London to Brighton Bike Ride (Sep) Each year, thousands of cyclists take part raising funds for extraordinary charities across the country.

Event locations

04. CRITICAL POSITION.

Critical Position

As a result of site and user analysis I have developed a critical position for this project. I have established a profound interest in the ‘event’ and the sudden influx of event activity as large scale events take over the site. A site which largely acts as a threshold between A and B throughout the rest of the year. These different primary (daily), secondary (regular), annual, geological, historical events that have taken, currently take and will take place on the site should have a symbiotic relationship with one other. I am opposed to the ‘all or nothing’ event narrative that has ruled over this site for decades. Employing a more ‘ebb and flow’ attitude towards events, allowing events to leave a physical trace or residue as they happen and interact all year round.

There are sustainability benefits to this outlook as it combats single use infrastructure and limits the associated impact of large scale events coming and going. Furthermore it will encourage consistent use of the site. This site is woefully undervalued on a daily basis given its central location and scale.

05. PRECEDENT STUDIES.

Bernard Tschumi’s Parc de la Villette - Paris

Bernard Tshumis approach to architectural design does not separate the form and the user. These two things are intrinsically intertwined. He is equally concerned about the events, actions and stories that take place within architectural space as the form of the building. The Parc de la Villette is a series of programmatic pavillions that allowed him to explore architectures detachment from function. In many ways the Parc de la Villette in Paris could be considered to be one of the largest buildings in the world. Discontinuous, yet each of the grid orientated, individual follies, act as one part of the whole. Described in the parks competition brief as “an Urban park for the 21st century”, the park was a lot more than a simple landscape redevelopment.
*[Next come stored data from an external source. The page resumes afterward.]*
(* Assume the setup in the context and let $\preceq$ be the total order on $X$ given by: $u^*_{t,s}\prec u_{j,i}$ for all indices, $u_{t,s}\prec u_{j,i}$ iff $(t,s)<(j,i)$ lexicographically, and $u^*_{t,s}\prec u^*_{j,i}$ iff $(t,s)<(j,i)$ lexicographically, extended degree-lexicographically to monomials. Then $R$ is not a Gröbner basis of $I$ with respect to $\preceq$ (i.e. the tips of elements of $R$ do not generate the monoid ideal of tips of nonzero elements of $I$). In particular $R$ is not a universal Gröbner basis of $I$.
   Context: Let $k$ be a field and $n\ge 2$ an integer; write $[n]=\{1,\dots,n\}$ and $r(i)=n+1-i$. Let $X=\{u_{j,i},u^*_{j,i}:(j,i)\in[n]^2\}$ be a set of $2n^2$ distinct symbols and let $*$ be the involution of $X$ exchanging $u_{j,i}$ and $u^*_{j,i}$. Let $k\langle X\rangle$ be the free unital $k$-algebra on $X$. For an $n\times n$ matrix $v=(v_{j,i})$ with entries in $X$ define $v^t_{j,i}=v_{i,j}$, $v^\star_{j,i}=(v_{r(j),r(i)})^*$, $v^\dagger_{j,i}=(v_{r(i),r(j)})^*$. Let $u=(u_{j,i})$ and $M=\{u,u^t,u^\star,u^\dagger\}$. Let $I$ be the two-sided ideal generated by $R=\{\sum_{s=1}^n v_{j,r(s)}v^\dagger_{s,r(i)}-\delta_{j,i}1: v\in M,(j,i)\in[n]^2\}$ (these are exactly the relations $uu^{*T}=1$-type unitarity relations: $\sum_s u_{j,s}u^*_{i,s}=\delta_{j,i}$, $\sum_s u_{s,j}u^*_{s,i}=\delta_{j,i}$, $\sum_s u^*_{s,j}u_{s,i}=\delta_{j,i}$, $\sum_s u^*_{j,s}u_{i,s}=\delta_{j,i}$). A Gröbner basis of $I$ with respect to a monomial order is a subset $G\subseteq I$ such that the leading monomials of elements of $G$ generate, as a two-sided monoid ideal of the free monoid on $X$, the set of leading monomials of all nonzero elements of $I$. *)

theory Defs
  imports Main
begin

text \<open>The generators X: U j i stands for u_{j,i}, Us j i for u^*_{j,i} (indices in [n]).\<close>
datatype gen = U nat nat | Us nat nat

fun gstar :: "gen \<Rightarrow> gen" where
  "gstar (U j i) = Us j i"
| "gstar (Us j i) = U j i"

text \<open>Elements of the free unital algebra k<X>: finitely supported functions
  from words (the free monoid on X) to k.  Multiplication is concatenation-convolution.\<close>
type_synonym 'k fpoly = "gen list \<Rightarrow> 'k"

definition fin_supp :: "'k::zero fpoly \<Rightarrow> bool" where
  "fin_supp p \<longleftrightarrow> finite {w. p w \<noteq> 0}"

definition mono :: "gen list \<Rightarrow> 'k::{zero,one} fpoly" where
  "mono v = (\<lambda>w. if w = v then 1 else 0)"

definition pzero :: "'k::zero fpoly" where
  "pzero = (\<lambda>w. 0)"

definition padd :: "'k::plus fpoly \<Rightarrow> 'k fpoly \<Rightarrow> 'k fpoly" where
  "padd p q = (\<lambda>w. p w + q w)"

definition pmult :: "'k::comm_semiring_0 fpoly \<Rightarrow> 'k fpoly \<Rightarrow> 'k fpoly" where
  "pmult p q = (\<lambda>w. \<Sum>i\<le>length w. p (take i w) * q (drop i w))"

inductive_set ideal_gen :: "'k::field fpoly set \<Rightarrow> 'k fpoly set" for S where
  gen: "r \<in> S \<Longrightarrow> r \<in> ideal_gen S"
| zero: "pzero \<in> ideal_gen S"
| add: "p \<in> ideal_gen S \<Longrightarrow> q \<in> ideal_gen S \<Longrightarrow> padd p q \<in> ideal_gen S"
| lmult: "p \<in> ideal_gen S \<Longrightarrow> fin_supp a \<Longrightarrow> pmult a p \<in> ideal_gen S"
| rmult: "p \<in> ideal_gen S \<Longrightarrow> fin_supp a \<Longrightarrow> pmult p a \<in> ideal_gen S"

definition rr :: "nat \<Rightarrow> nat \<Rightarrow> nat" where
  "rr n i = n + 1 - i"

definition mat_u :: "nat \<Rightarrow> nat \<Rightarrow> gen" where
  "mat_u j i = U j i"

definition mat_t :: "(nat \<Rightarrow> nat \<Rightarrow> gen) \<Rightarrow> nat \<Rightarrow> nat \<Rightarrow> gen" where
  "mat_t v j i = v i j"

definition mat_star :: "nat \<Rightarrow> (nat \<Rightarrow> nat \<Rightarrow> gen) \<Rightarrow> nat \<Rightarrow> nat \<Rightarrow> gen" where
  "mat_star n v j i = gstar (v (rr n j) (rr n i))"

definition mat_dag :: "nat \<Rightarrow> (nat \<Rightarrow> nat \<Rightarrow> gen) \<Rightarrow> nat \<Rightarrow> nat \<Rightarrow> gen" where
  "mat_dag n v j i = gstar (v (rr n i) (rr n j))"

definition Mset :: "nat \<Rightarrow> (nat \<Rightarrow> nat \<Rightarrow> gen) set" where
  "Mset n = {mat_u, mat_t mat_u, mat_star n mat_u, mat_dag n mat_u}"

definition Rel :: "nat \<Rightarrow> 'k::field fpoly set" where
  "Rel n = {(\<lambda>w. (\<Sum>s\<in>{1..n}. mono [v j (rr n s), mat_dag n v s (rr n i)] w)
               - (if j = i then mono [] w else 0))
           | v j i. v \<in> Mset n \<and> j \<in> {1..n} \<and> i \<in> {1..n}}"

fun gen_less :: "gen \<Rightarrow> gen \<Rightarrow> bool" where
  "gen_less (Us t s) (U j i) = True"
| "gen_less (U t s) (Us j i) = False"
| "gen_less (U t s) (U j i) = (t < j \<or> (t = j \<and> s < i))"
| "gen_less (Us t s) (Us j i) = (t < j \<or> (t = j \<and> s < i))"

definition word_less :: "gen list \<Rightarrow> gen list \<Rightarrow> bool" where
  "word_less v w \<longleftrightarrow> length v < length w \<or>
     (length v = length w \<and> (\<exists>p a b x y. v = p @ a # x \<and> w = p @ b # y \<and> gen_less a b))"

definition tip :: "'k::zero fpoly \<Rightarrow> gen list" where
  "tip p = (THE w. p w \<noteq> 0 \<and> (\<forall>v. p v \<noteq> 0 \<and> v \<noteq> w \<longrightarrow> word_less v w))"

definition is_groebner_basis :: "'k::zero fpoly set \<Rightarrow> 'k fpoly set \<Rightarrow> bool" where
  "is_groebner_basis G I \<longleftrightarrow> G \<subseteq> I \<and>
     (\<forall>f\<in>I. f \<noteq> pzero \<longrightarrow>
        (\<exists>g\<in>G. g \<noteq> pzero \<and> (\<exists>a b. tip f = a @ tip g @ b)))"

end

theory Submission imports Defs begin

text \<open>Multiply the relation sum_s u*_{1,s} u_{1,s} = 1 on the left by u_{1,n}, the relation
  sum_s u_{1,s} u*_{1,s} = 1 on the right by u_{1,n}, and subtract. The largest words
  u_{1,n} u*_{1,n} u_{1,n} of the two products cancel, so the tip of the difference is
  u_{1,n} u*_{1,n-1} u_{1,n-1}. On the other hand every relation in R is a sum over a row or column
  of u or u*; its tip is the summand with the largest first letter, and both letters of that tip
  carry the index n. For n \<ge> 2 neither factor of length two of the tip above has this property.\<close>

lemma gen_less_irrefl: "\<not> gen_less a a"
  by (cases a) auto

lemma gen_less_asym: "gen_less a b \<Longrightarrow> \<not> gen_less b a"
  by (cases a; cases b) auto

lemma common_prefix_at_difference:
  assumes "p @ a # x = p' @ a' # x'" "p @ b # y = p' @ b' # y'" "a \<noteq> b" "a' \<noteq> b'"
  shows "p = p'"
proof -
  have "length p = length p'"
  proof (rule ccontr)
    assume "length p \<noteq> length p'"
    then consider "length p < length p'" | "length p' < length p" by linarith
    then show False
    proof cases
      case 1
      then have "a = p' ! length p" "b = p' ! length p"
        using arg_cong[OF assms(1), of "\<lambda>v. v ! length p"] arg_cong[OF assms(2), of "\<lambda>v. v ! length p"]
        by (simp_all add: nth_append)
      with assms(3) show False by simp
    next
      case 2
      then have "a' = p ! length p'" "b' = p ! length p'"
        using arg_cong[OF assms(1), of "\<lambda>v. v ! length p'"] arg_cong[OF assms(2), of "\<lambda>v. v ! length p'"]
        by (simp_all add: nth_append)
      with assms(4) show False by simp
    qed
  qed
  then show ?thesis
    using arg_cong[OF assms(1), of "take (length p)"] by simp
qed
It involved the development of a complex programme for cultural and entertainment facilities. Tshumi’s considered and thorough grid based proposal that successfully navigated the intertwining of narrative, form and function is likely to have been the reason his entry won the competition, out of 470 international competitors. Opposing the park ethos of the period where parks were intended to be separate escapes from the city. Parc de la Villette incorporates the city and embraces the stories of the existing landscape and of people that the building facilitates. - Sourced from an essay written for Critical Readings Module, by Ewan Malloch.

Play Contract - Superflex - Billund

Beşiktaş Fish Market - Istanbul Arco da Apoteose - Rio de Janeiro - Oscar Niemeyer

Pyramid Stage - Glastonbury - Temporary Architecture

Designed in large part by children, Plays Contract in Billund, Denmark is a series of five sculptures surrounded adapted landscape. The large scale block ‘playground sculptures’ invite a variety of uses and encourage different interaction year round. The sculptures connect through materiality and form.
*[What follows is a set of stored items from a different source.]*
lemma sum_abs_dist_fun_le:
  fixes f :: "'k \<Rightarrow> 'k \<Rightarrow> real"
  assumes M: "\<And>h. continuous_on UNIV h \<Longrightarrow> (\<forall>x. \<bar>h x\<bar> \<le> 1) \<Longrightarrow> \<bar>sintegral \<mu> h\<bar> \<le> M"
    and "finite T" and "\<delta> > 0"
    and f: "\<And>t. t \<in> T \<Longrightarrow> cutoff_fun {..t} (\<Union>u\<in>{u\<in>T. t < u}. {u..}) (f t)"
    and small: "\<And>t. t \<in> T \<Longrightarrow> \<bar>sintegral \<mu> (f t)\<bar> \<le> \<delta>"
  shows "(\<Sum>t\<in>T. \<bar>dist_fun \<mu> t\<bar>) \<le> M + 2 * \<delta> * card T"
proof -
  have "\<exists>g. cutoff_fun {..t} (\<Union>u\<in>{u\<in>T. t < u}. {u..}) g \<and>
      (\<forall>x. g x \<le> f t x) \<and> \<bar>dist_fun \<mu> t - sintegral \<mu> g\<bar> \<le> \<delta>" if "t \<in> T" for t
    using dist_fun_approx_cutoff_fun_below[OF f[OF that] \<open>\<delta> > 0\<close>] by blast
  then obtain g where g: "\<And>t. t \<in> T \<Longrightarrow> cutoff_fun {..t} (\<Union>u\<in>{u\<in>T. t < u}. {u..}) (g t) \<and>
      (\<forall>x. g t x \<le> f t x) \<and> \<bar>dist_fun \<mu> t - sintegral \<mu> (g t)\<bar> \<le> \<delta>"
    by metis
  define D where "D t x = f t x - g t x" for t x
  have D_cont: "continuous_on UNIV (D t)" if "t \<in> T" for t
    using f[OF that] g[OF that] unfolding D_def cutoff_fun_def by (intro continuous_intros) auto
  have D_bounded: "\<bar>D t x\<bar> \<le> 1" if "t \<in> T" for t x
  proof -
    have "g t x \<le> f t x" "0 \<le> g t x" "f t x \<le> 1"
      using f[OF that] g[OF that] unfolding cutoff_fun_def by auto
    then show ?thesis unfolding D_def by linarith
  qed
  have D_disjoint: "t = t'" if "t \<in> T" "t' \<in> T" "D t x \<noteq> 0" "D t' x \<noteq> 0" for t t' x
    using that g unfolding D_def by (intro cutoff_fun_diff_disjoint_supports[OF f]) auto
  have "(\<Sum>t\<in>T. \<bar>sintegral \<mu> (D t)\<bar>) \<le> M"
    by (rule sum_abs_sintegral_disjoint_supports_le[OF finite_radon_fst finite_radon_snd compact_UNIV
          M \<open>finite T\<close> D_cont D_bounded D_disjoint])
  moreover have "\<bar>dist_fun \<mu> t\<bar> \<le> 2 * \<delta> + \<bar>sintegral \<mu> (D t)\<bar>" if "t \<in> T" for t
  proof -
    have "sintegral \<mu> (D t) = sintegral \<mu> (f t) - sintegral \<mu> (g t)"
      using sintegral_diff[OF finite_radon_fst finite_radon_snd compact_UNIV, of "f t" "g t"]
        f[OF that] g[OF that]
      unfolding D_def cutoff_fun_def by simp
    then show ?thesis using small[OF that] g[OF that] by linarith
  qed
  then have "(\<Sum>t\<in>T. \<bar>dist_fun \<mu> t\<bar>) \<le> (\<Sum>t\<in>T. 2 * \<delta> + \<bar>sintegral \<mu> (D t)\<bar>)"
    by (rule sum_mono)
  ultimately show ?thesis by (simp add: sum.distrib algebra_simps)
qed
Located on a triangular, unusually shaped site the Beşiktaş Fish Market in Istanbul is an example of event orientated architecture. The structure comes to life when the market takes place and provides electricity, shelter and lighting for the marketeers and the market goers. A distinctive piece of event architecture, the parade square, used for frequent large scale events also has daily event functions. Beneath the ‘stands’ built into the structure is a school, offices and multipurpose public space.

The Pyramid stage at Glastonbury is another more contemporary example of event architecture. The stages structure remains throughout the year and is then built upon once a year to form the full pyramid stage seen by hundreds of thousands of people at Glastonbury music festival. This additive attitude towards architecture could provide a solution to consistent and wasteful arrival and departure of event structures.